Reputation: 31
I used Python and boto3 to process some S3 files on the spark, and when I downloaded the files, it was unusual: The 's3'resource does not exist.
Because boto3 is not installed on each cluster node, I packaged the dependency packages used by boto3 as zip and used the spark cluster submitted by -- py-files, and this exception occurred.
Py4JJavaErrorTraceback (most recent call last)
<ipython-input-3-8147865bf49c> in <module>()
2
3
----> 4 extractor.extract(paths)
/usr/local/lib/python2.7/site-packages/extract-1.0-py2.7.egg/extract.pyc in extract(self, target_files_path)
52 try:
53 sc = self.get_spark_context()
---> 54 self._extract_file(sc, target_files_path)
55 finally:
56 if sc:
/usr/local/lib/python2.7/site-packages/extract-1.0-py2.7.egg/extract.pyc in _extract_file(self, sc, target_files_path)
109 def _extract_file(self, sc, target_files_path):
110 file_rdd = sc.parallelize(target_files_path, len(target_files_path))
--> 111 result_rdd = file_rdd.map(lambda file_path: self.process(file_path, self.func)).collect()
112 result_rdd.saveAsTextFile(self.result_path)
113
/usr/lib/spark/python/pyspark/rdd.py in collect(self)
769 """
770 with SCCallSiteSync(self.context) as css:
--> 771 port = self.ctx._jvm.PythonRDD.collectAndServe(self._jrdd.rdd())
772 return list(_load_from_socket(port, self._jrdd_deserializer))
773
/usr/lib/spark/python/lib/py4j-0.9-src.zip/py4j/java_gateway.py in __call__(self, *args)
811 answer = self.gateway_client.send_command(command)

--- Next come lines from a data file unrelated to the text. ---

(* Let $M$ be a centrally endo-AIP right $R$-module, $S=\mathrm{End}_R(M)$, and let $N$ be a fully invariant submodule of $M$ with $T=\mathrm{End}_R(N)$. If every $\psi\in T$ extends to some $\bar\psi\in S$ (i.e. $\bar\psi|_N=\psi$), then $N$ is a centrally endo-AIP module.
   Context: For a module $X$ with $E=\mathrm{End}_R(X)$ and $K\le X$, $l_E(K)=\{\phi\in E:\phi(K)=0\}$. An ideal $I$ of $E$ is centrally s-unital if for every $a\in I$ there is $z\in I$ central in $E$ with $az=a$. $X$ is centrally endo-AIP if $l_E(K)$ is a centrally s-unital ideal of $E$ for every fully invariant submodule $K$ of $X$. *)

theory Defs
  imports "HOL-Algebra.Algebra" "HOL-Library.FuncSet"
begin

text \<open>The module is an abelian group M (HOL-Algebra ring-record, only the additive
  part is used) together with a right scalar action act m r = m r.\<close>

definition right_module ::
  "('r, 'a) ring_scheme \<Rightarrow> ('m, 'b) ring_scheme \<Rightarrow> ('m \<Rightarrow> 'r \<Rightarrow> 'm) \<Rightarrow> bool" where
  "right_module R M act \<longleftrightarrow> ring R \<and> abelian_group M \<and>
     (\<forall>m\<in>carrier M. \<forall>r\<in>carrier R. act m r \<in> carrier M) \<and>
     (\<forall>m\<in>carrier M. \<forall>n\<in>carrier M. \<forall>r\<in>carrier R.
         act (m \<oplus>\<^bsub>M\<^esub> n) r = act m r \<oplus>\<^bsub>M\<^esub> act n r) \<and>
     (\<forall>m\<in>carrier M. \<forall>r\<in>carrier R. \<forall>s\<in>carrier R.
         act m (r \<oplus>\<^bsub>R\<^esub> s) = act m r \<oplus>\<^bsub>M\<^esub> act m s) \<and>
     (\<forall>m\<in>carrier M. \<forall>r\<in>carrier R. \<forall>s\<in>carrier R.
         act m (r \<otimes>\<^bsub>R\<^esub> s) = act (act m r) s) \<and>
     (\<forall>m\<in>carrier M. act m \<one>\<^bsub>R\<^esub> = m)"

definition submodule ::
  "('r, 'a) ring_scheme \<Rightarrow> ('m, 'b) ring_scheme \<Rightarrow> ('m \<Rightarrow> 'r \<Rightarrow> 'm) \<Rightarrow> 'm set \<Rightarrow> bool" where
  "submodule R M act K \<longleftrightarrow> K \<subseteq> carrier M \<and> subgroup K (add_monoid M) \<and>
     (\<forall>k\<in>K. \<forall>r\<in>carrier R. act k r \<in> K)"

definition End_set ::
  "('r, 'a) ring_scheme \<Rightarrow> ('m, 'b) ring_scheme \<Rightarrow> ('m \<Rightarrow> 'r \<Rightarrow> 'm) \<Rightarrow> ('m \<Rightarrow> 'm) set" where
  "End_set R Q act = {f. f \<in> PiE (carrier Q) (\<lambda>_. carrier Q) \<and>
     (\<forall>x\<in>carrier Q. \<forall>y\<in>carrier Q. f (x \<oplus>\<^bsub>Q\<^esub> y) = f x \<oplus>\<^bsub>Q\<^esub> f y) \<and>
     (\<forall>x\<in>carrier Q. \<forall>r\<in>carrier R. f (act x r) = act (f x) r)}"

definition End_ring ::
  "('r, 'a) ring_scheme \<Rightarrow> ('m, 'b) ring_scheme \<Rightarrow> ('m \<Rightarrow> 'r \<Rightarrow> 'm) \<Rightarrow> ('m \<Rightarrow> 'm) ring" where
  "End_ring R Q act =
     \<lparr>carrier = End_set R Q act,
      monoid.mult = (\<lambda>f g. compose (carrier Q) f g),
      monoid.one = (\<lambda>x\<in>carrier Q. x),
      ring.zero = (\<lambda>x\<in>carrier Q. \<zero>\<^bsub>Q\<^esub>),
      ring.add = (\<lambda>f g. \<lambda>x\<in>carrier Q. f x \<oplus>\<^bsub>Q\<^esub> g x)\<rparr>"

definition fully_invariant ::
  "('r, 'a) ring_scheme \<Rightarrow> ('m, 'b) ring_scheme \<Rightarrow> ('m \<Rightarrow> 'r \<Rightarrow> 'm) \<Rightarrow> 'm set \<Rightarrow> bool" where
  "fully_invariant R Q act K \<longleftrightarrow> submodule R Q act K \<and>
     (\<forall>f\<in>End_set R Q act. f ` K \<subseteq> K)"

definition l_ann ::
  "('r, 'a) ring_scheme \<Rightarrow> ('m, 'b) ring_scheme \<Rightarrow> ('m \<Rightarrow> 'r \<Rightarrow> 'm) \<Rightarrow> 'm set \<Rightarrow> ('m \<Rightarrow> 'm) set" where
  "l_ann R Q act K = {\<phi> \<in> End_set R Q act. \<forall>k\<in>K. \<phi> k = \<zero>\<^bsub>Q\<^esub>}"

definition centrally_s_unital :: "'e set \<Rightarrow> ('e, 'c) ring_scheme \<Rightarrow> bool" where
  "centrally_s_unital I E \<longleftrightarrow> ideal I E \<and>
     (\<forall>a\<in>I. \<exists>z\<in>I. (\<forall>x\<in>carrier E. z \<otimes>\<^bsub>E\<^esub> x = x \<otimes>\<^bsub>E\<^esub> z) \<and> a \<otimes>\<^bsub>E\<^esub> z = a)"

definition centrally_endo_AIP ::
  "('r, 'a) ring_scheme \<Rightarrow> ('m, 'b) ring_scheme \<Rightarrow> ('m \<Rightarrow> 'r \<Rightarrow> 'm) \<Rightarrow> bool" where
  "centrally_endo_AIP R Q act \<longleftrightarrow>
     (\<forall>K. fully_invariant R Q act K \<longrightarrow>
        centrally_s_unital (l_ann R Q act K) (End_ring R Q act))"

end

theory Submission
  imports Defs
begin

812 return_value = get_return_value(
--> 813 answer, self.gateway_client, self.target_id, self.name)
814
815 for temp_arg in temp_args:
/usr/lib/spark/python/lib/py4j-0.9-src.zip/py4j/protocol.py in get_return_value(answer, gateway_client, target_id, name)
306 raise Py4JJavaError(
307 "An error occurred while calling {0}{1}{2}.\n".
--> 308 format(target_id, ".", name), value)
309 else:
310 raise Py4JError(
Py4JJavaError: An error occurred while calling z:org.apache.spark.api.python.PythonRDD.collectAndServe.
: org.apache.spark.SparkException: Job aborted due to stage failure: Task 2 in stage 0.0 failed 4 times, most recent failure: Lost task 2.3 in stage 0.0 (TID 15, ip-172-20-219-210.corp.hpicloud.net): org.apache.spark.api.python.PythonException: Traceback (most recent call last):
File "/mnt/yarn/usercache/chqiang/appcache/application_1521024688288_67008/container_1521024688288_67008_01_000002/pyspark.zip/pyspark/worker.py", line 111, in main
process()
File "/mnt/yarn/usercache/chqiang/appcache/application_1521024688288_67008/container_1521024688288_67008_01_000002/pyspark.zip/pyspark/worker.py", line 106, in process
serializer.dump_stream(func(split_index, iterator), outfile)
File "/mnt/yarn/usercache/chqiang/appcache/application_1521024688288_67008/container_1521024688288_67008_01_000002/pyspark.zip/pyspark/serializers.py", line 263, in dump_stream
vs = list(itertools.islice(iterator, batch))
File "/usr/local/lib/python2.7/site-packages/extract-1.0-py2.7.egg/extract.py", line 111, in <lambda>
File "./lib.zip/extract.py", line 115, in process
local_path = download_file_from_s3(self.app_name, file_path)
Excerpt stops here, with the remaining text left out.